To further investigate the effect of acid hydrolysis on sugar-sulfonamide conjugates, additional honey samples were spiked with the 3 sulfonamides (0.2 μg/g) and left to sit overnight for the sulfonamides to bind with sugars [27]. Samples were then prepared using both Method A and Method B (n = 3 each). Signals corresponding to glucose-sulfonamide conjugates were identified in the chromatograms through the comparison with three standard mixtures rich in glucose-sulfonamide conjugates. These mixtures were then prepared by mechanochemical mixing of an equimolar mixture of glucose and individual sulfonamide in a Retsch Mixer Mill (MM 400 Newtown, PA, US) at room temperature using two stainless steel balls and a frequency of 30 Hz for 30 min. The reaction mixture for each sulfonamide was then suspended in water and filtered, and the residue was analyzed after dilution in water/methanol 95:5 (v/v).

2.5. Instrument analysis

Samples were analyzed using a 1290 series LC system from Agilent Technologies (Santa Clara, CA, USA) equipped with an InfinityLab Poroshell 120 Phenyl Hexyl (3.0 × 100 mm, 2.7 μm) column fitted with an InfinityLab Poroshell 120 EC-C18 (3.0 × 5 mm, 2.7 μm) guard column, both from Agilent Technologies. The mobile phase consisted in a mixture of water with 0.1% formic acid (solvent A) and methanol with 0.1% formic acid (solvent B), at a flow rate of 0.2 mL/min. The mobile phase gradient profile was as follows: 1 min 5% B, from 1 to 15 min gradient to 100% B, from 15 to 20 min 100% B, from 20 to 20.10 min gradient to 5% B and from 20.10 to 25 min 5% B. The injection volume was 20 μL and the column temperature was set to 20 °C. The LC system was coupled to a 6545 series QTOF from Agilent Technologies (Santa Clara, CA, USA) equipped with a Dual AJS ESI ion source operating in positive ionization mode. Drying gas temperature was 325 °C with a flow of 5 L/min, sheath gas temperature was 275 °C with a flow of 12 L/min, the pressure on the nebulizer was 20 psi, the capillary voltage was 4000 V, the fragmentor voltage was 175 V, the skimmer voltage was 65 V and the nozzle voltage was 2000 V. All Ions MS/MS data was collected as MS scans between m/z 100 and 1700 at a scan rate of 3 spectra/s for four different collision energies (0, 10, 20 and 40 eV). A diode-array detector (DAD; scan range: 190–640 nm with a 2 nm step and a slit of 4 nm) coupled to the HPLC-Q-TOF-MS system was also used for the study of the diversion of elution to waste. Samples were kept at 4 °C in the multisampler compartment.

2.6. Data treatment

Instrument response linearity was calculated for each compound as the relative standard deviation (RSD) of the response factors (RF) of the seven calibration curve standards (ranging 0.08–40 ng/mL).
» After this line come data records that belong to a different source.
(* If f acts on the cone below u as the prefix replacement u \<mapsto> s, then |s| = |u|: otherwise
   changing one letter of a boundary point beyond u changes its image too early (|s| < |u|)
   or not at all (|s| > |u|, contradicting injectivity). *)

lemma prefix_replacement_length:
  assumes d: "2 \<le> d" and f: "f \<in> aut d" and \<xi>: "\<xi> \<in> boundary d" "is_prefix u \<xi>"
    and act: "\<And>\<zeta> i. \<zeta> \<in> boundary d \<Longrightarrow> is_prefix u \<zeta> \<Longrightarrow>
      bdry_act f \<zeta> i = (if i < length s then s ! i else \<zeta> (i - length s + length u))"
  shows "length s = length u"
proof (rule ccontr)
  define l where "l = length u"
  define chg where "chg = (\<lambda>j. \<xi>(j := (\<xi> j + 1) mod d))"
  have chg: "chg j \<in> boundary d" "chg j j \<noteq> \<xi> j" for j
    using boundary_bump[OF d \<xi>(1)] by (simp_all add: chg_def)
  have chg_prefix: "is_prefix u (chg j)" if "l \<le> j" for j
    using \<xi>(2) that by (auto simp: is_prefix_def chg_def l_def)
  assume "length s \<noteq> length u"
  then consider "length s < l" | "l < length s" by (fastforce simp: l_def)
  then show False
  proof cases
    case 1
    define j where "j = l - 1 - length s + l"
    have j: "l \<le> j" "\<not> l - 1 < length s" using 1 by (simp_all add: j_def)
    have "f (map (chg j) [0..<l]) = f (map \<xi> [0..<l])" using j(1) by (simp add: chg_def)
    moreover have "l - 1 < l" using 1 by simp
    ultimately have "bdry_act f (chg j) (l - 1) = bdry_act f \<xi> (l - 1)"
      using aut_map_boundary_nth[OF f] chg(1) \<xi>(1) by metis
    moreover have "bdry_act f (chg j) (l - 1) = chg j j" "bdry_act f \<xi> (l - 1) = \<xi> j"
      using act[OF chg(1) chg_prefix[OF j(1)]] act[OF \<xi>] j by (simp_all add: j_def l_def)
    ultimately show False using chg(2) by metis
  next
    case 2
    define N where "N = Suc (length s)"
    define \<zeta> where "\<zeta> = chg (length s)"
    have \<zeta>: "\<zeta> \<in> boundary d" "is_prefix u \<zeta>" using chg chg_prefix 2 by (simp_all add: \<zeta>_def)
    have "f (map \<xi> [0..<N]) ! i = f (map \<zeta> [0..<N]) ! i" if "i < N" for i
    proof -
      have "bdry_act f \<xi> i = bdry_act f \<zeta> i"
      proof (cases "i < length s")
        case False
        then have "i - length s + l = l" "l \<noteq> length s" using that 2 by (simp_all add: N_def)
        then show ?thesis using act[OF \<xi>, of i] act[OF \<zeta>, of i] False by (simp add: \<zeta>_def chg_def l_def)
      qed (simp add: act[OF \<xi>] act[OF \<zeta>])
      then show ?thesis using aut_map_boundary_nth[OF f] \<zeta>(1) \<xi>(1) that by metis
    qed
    moreover have words: "map \<xi> [0..<N] \<in> words d" "map \<zeta> [0..<N] \<in> words d"
      using \<xi>(1) \<zeta>(1) by (auto simp: words_iff boundary_def)
    ultimately have "f (map \<xi> [0..<N]) = f (map \<zeta> [0..<N])"
      using aut_length[OF f] by (intro nth_equalityI) simp_all
    moreover have "map \<xi> [0..<N] ! length s \<noteq> map \<zeta> [0..<N] ! length s"
      using chg(2)[of "length s"] by (simp add: N_def \<zeta>_def del: upt_Suc)
    ultimately show False using aut_inj_on[OF f] words by (metis inj_onD)
  qed
qed

lemma in_Vd_finitary:
  assumes d: "2 \<le> d" and f: "f \<in> aut d" and "in_Vd d f"
  shows "\<exists>D. f \<in> finitary d D"
proof -
  obtain C1 C2 \<beta> where C1: "complete_prefix_code d C1"
    and act: "\<forall>\<xi>\<in>boundary d. \<forall>u\<in>C1. is_prefix u \<xi> \<longrightarrow>
      bdry_act f \<xi> = (\<lambda>i. if i < length (\<beta> u) then \<beta> u ! i else \<xi> (i - length (\<beta> u) + length u))"
    using assms(3) unfolding in_Vd_def by blast
  define D where "D = Max (insert 0 (length ` C1))"
  have "f (u0 @ v) = f u0 @ v" if u0: "u0 \<in> words d" "length u0 = D" and v: "v \<in> words d" for u0 v
  proof -
    define W where "W = u0 @ v"
    define \<xi> where "\<xi> = (\<lambda>i. if i < length W then W ! i else 0)"
    have W: "W \<in> words d" "map \<xi> [0..<length W] = W" using u0 v by (auto simp: W_def \<xi>_def words_iff intro: nth_equalityI)
    have \<xi>: "\<xi> \<in> boundary d" using W(1) d by (auto simp: \<xi>_def words_iff boundary_def dest: nth_mem)
    then obtain u where u: "u \<in> C1" "is_prefix u \<xi>" using C1 by (auto simp: complete_prefix_code_def)
    have lu: "length u \<le> D" using u(1) C1 by (auto simp: D_def complete_prefix_code_def)
    have act_u: "\<And>\<zeta> i. \<zeta> \<in> boundary d \<Longrightarrow> is_prefix u \<zeta> \<Longrightarrow>
        bdry_act f \<zeta> i = (if i < length (\<beta> u) then \<beta> u ! i else \<zeta> (i - length (\<beta> u) + length u))"
      using act u(1) by simp
    have "length (\<beta> u) = length u" using prefix_replacement_length[OF d f \<xi> u(2) act_u] .
    then have fW: "f W ! i = (if i < length u then \<beta> u ! i else W ! i)" if "i < length W" for i
      using aut_map_boundary_nth[OF f \<xi> that] act_u[OF \<xi> u(2)] W(2) that by (simp add: \<xi>_def)
    have "take D (f W) = f u0" using aut_take_prefix[OF f u0(1) v] u0(2) by (simp add: W_def)
    then have "f W ! i = (f u0 @ v) ! i" if "i < length W" for i
    proof (cases "i < D")
      case True
      then show ?thesis using \<open>take D (f W) = f u0\<close> aut_length[OF f u0(1)] u0(2)
        by (metis nth_append nth_take)
    next
      case False
      then show ?thesis using fW[OF that] lu u0(2) aut_length[OF f u0(1)] by (simp add: nth_append W_def)
    qed
    then show ?thesis using aut_length[OF f W(1)] aut_length[OF f u0(1)] by (auto simp: W_def intro: nth_equalityI)
  qed
  then have "f \<in> finitary d D" using aut_outside[OF f] aut_words[OF f] aut_length[OF f] by (simp add: finitary_def)
  then show ?thesis by blast
qed

lemma finite_Vd_subset_finitary:
  assumes "2 \<le> d" "finite A" "A \<subseteq> aut d" "\<forall>a\<in>A. in_Vd d a"
  shows "\<exists>D. A \<subseteq> finitary d D"
proof -
  have "\<forall>a\<in>A. \<exists>D. a \<in> finitary d D" using in_Vd_finitary[OF assms(1)] assms(3,4) by blast
  from bchoice[OF this] obtain Df where Df: "\<forall>a\<in>A. a \<in> finitary d (Df a)" ..
  define D where "D = Max (insert 0 (Df ` A))"
  have "a \<in> finitary d D" if "a \<in> A" for a
  proof -
    have "Df a \<le> D" using that assms(2) by (simp add: D_def)
    moreover have "a \<in> finitary d (Df a)" using Df that by blast
    ultimately show ?thesis
      using append_suffix_beyond_depth[of d "Df a" a] unfolding finitary_def by simp
  qed
  then show ?thesis by blast
qed

section \<open>Counting forests\<close>

lemma height_lt_nleaves:
  "full d t \<Longrightarrow> 2 \<le> d \<Longrightarrow> height t + 1 \<le> nleaves t"
  "(\<forall>t\<in>set ts. full d t) \<Longrightarrow> 2 \<le> d \<Longrightarrow> ts \<noteq> [] \<Longrightarrow> heightF ts + length ts \<le> fleaves ts"
proof (induction t and ts rule: height_heightF.induct)
  case 1 then show ?case by simp
next
  case (2 ts)
  have l: "length ts = d" and f: "\<forall>t\<in>set ts. full d t" using 2(2) by simp_all
  then have "ts \<noteq> []" using 2(3) by auto
  then have "heightF ts + length ts \<le> fleaves ts" using 2(1) f 2(3) by blast
  then show ?case using l 2(3) by (simp add: nleaves_Nd)
next
  case 3 then show ?case by simp
next
  case (4 t ts)
  have ft: "full d t" and fts: "\<forall>t\<in>set ts. full d t" using 4(3) by simp_all
  have a: "height t + 1 \<le> nleaves t" using 4(1) ft 4(4) by blast
  show ?case
  proof (cases "ts = []")
    case True then show ?thesis using a by simp
  next
    case False
    have b: "heightF ts + length ts \<le> fleaves ts" using 4(2) fts 4(4) False by blast
    have "max (height t) (heightF ts) \<le> height t + heightF ts" by simp
    then show ?thesis using a b by simp
  qed
qed

lemma height_le_heightF: "s \<in> set ts \<Longrightarrow> height s \<le> heightF ts"
  by (induction ts) auto

lemma finite_trees: "finite {t. full d t \<and> height t \<le> h}"
proof (induction h)
  case 0
  have "{t. full d t \<and> height t \<le> 0} \<subseteq> {Lf}"
  proof
    fix t assume "t \<in> {t. full d t \<and> height t \<le> 0}"
    then show "t \<in> {Lf}" by (cases t) simp_all
  qed
  then show ?case by (rule finite_subset) simp
next
  case (Suc h)
  define L where "L = {ts. set ts \<subseteq> {t. full d t \<and> height t \<le> h} \<and> length ts = d}"
  have sub: "{t. full d t \<and> height t \<le> Suc h} \<subseteq> insert Lf (Nd ` L)"
  proof
    fix t assume t: "t \<in> {t. full d t \<and> height t \<le> Suc h}"
    show "t \<in> insert Lf (Nd ` L)"
    proof (cases t)
      case Lf then show ?thesis by simp
    next
      case (Nd ts)
      have f: "length ts = d" "\<forall>s\<in>set ts. full d s" "heightF ts \<le> h" using t Nd by simp_all
      have "ts \<in> L" unfolding L_def using f height_le_heightF by fastforce
      then show ?thesis using Nd by simp
    qed
  qed
  have "finite L" unfolding L_def by (rule finite_lists_length_eq[OF Suc.IH])
  then have "finite (insert Lf (Nd ` L))" by simp
  then show ?case by (rule finite_subset[OF sub])
qed

lemma finite_forests:
  assumes "2 \<le> d"
  shows "finite {T. forest d T \<and> fleaves T = q}"
proof -
  have sub: "{T. forest d T \<and> fleaves T = q} \<subseteq> {ts. set ts \<subseteq> {t. full d t \<and> height t \<le> q} \<and> length ts \<le> q}"
  proof
    fix T assume T: "T \<in> {T. forest d T \<and> fleaves T = q}"
    have ft: "\<forall>t\<in>set T. full d t" using T by (simp add: forest_def)
    have 1: "\<And>t. t \<in> set T \<Longrightarrow> nleaves t \<le> fleaves T"
    proof (induction T)
      case Nil then show ?case by simp
    next
      case (Cons a T)
      show ?case
      proof (cases "t = a")
        case True then show ?thesis by simp
      next
        case False
        then have "nleaves t \<le> fleaves T" using Cons by simp
        then show ?thesis by simp
      qed
    qed
    have 2: "length T \<le> fleaves T" using ft
    proof (induction T)
      case Nil then show ?case by simp
    next
      case (Cons t T) then show ?case using height_lt_nleaves(1)[OF _ assms, of t] by simp
    qed
    have "\<And>t. t \<in> set T \<Longrightarrow> height t \<le> q" using 1 height_lt_nleaves(1)[OF _ assms] ft T by fastforce
    then show "T \<in> {ts. set ts \<subseteq> {t. full d t \<and> height t \<le> q} \<and> length ts \<le> q}" using ft 2 T by auto
  qed
  show ?thesis by (rule finite_subset[OF sub finite_lists_length_le[OF finite_trees]])
qed

section \<open>Splittings from coarsely self-similar subgroups\<close>

locale coarse_setting = subgroup_setting +
  fixes A :: "(nat list \<Rightarrow> nat list) set" and D :: nat
  assumes d_ge_2: "2 \<le> d" and A_finitary: "A \<subseteq> finitary d D"
    and coarsely_self_similar_H: "coarsely_self_similar d A H"
begin

(* M contains H, is self-similar and absorbs H on the right, so cloning keeps S_n wr M inside
   the wreath products over M; the finitary factors of its elements range over a finite set. *)

definition M :: "(nat list \<Rightarrow> nat list) set" where
  "M = {f \<in> G. \<exists>b \<in> finitary d D. \<exists>h \<in> H. f = b \<circ> h}"

lemma M_G: "M \<subseteq> G"
  by (auto simp: M_def)

lemma H_M: "H \<subseteq> M"
proof
  fix h assume "h \<in> H"
  then show "h \<in> M"
    using H_sub finitary_id unfolding M_def by (intro CollectI conjI bexI[of _ id] bexI[of _ h]) auto
qed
Antibiotic concentrations were calculated using the Agilent Mass Hunter Workstation Software–Quantitative Analysis B.07.01, for three different m/z extraction window values (±5, ±10 and ±20 ppm). Extraction window values were selected to represent the range of values used by other authors in similar targeted and non-targeted studies [28–30]. Quantification was done based on external calibration, and peaks with a signal-to-noise ratio below 10 were considered below the limit of quantification. The following mass-to-charge ratios were used for quantification: 916.5270 for tylosin A, 772.4483 for tylosin B, 407.2216 for lincomycin, 226.0464 for furazolidone, 254.0599 for sulfamethoxazole, 279.0916 for sulfamethazine and 311.0814 for sulfadimethoxine. Matrix effect, recovery, instrument linearity, method linearity, repeatability, instrument detection limit (IDL), method detection limit (MDL) and limit of quantification (LOQ) were calculated for each compound for each of the three m/z extraction window values. Matrix effect (ME) and recovery (RE) were calculated according to the proposed by Matuszewski by comparing the response of each compound in samples spiked before dilution (RE), after dilution (ME) and in solvent [31]. The overall method linearity was assessed from the Pearson coefficient of the linear correlation between the experimental and theoretical spiked concentrations. Repeatability was assessed from the RSD obtained for five replicates of three spiked honey samples. IDL was calculated as the concentration leading to a signal-to-noise ratio (S/N) of 3, derived from the S/N of the lowest standard of the calibration curve. MDL was calculated as 3σ of the signals of 10 procedural blanks around the retention time of each compound. LOQ was calculated as 3.3 times the MDL.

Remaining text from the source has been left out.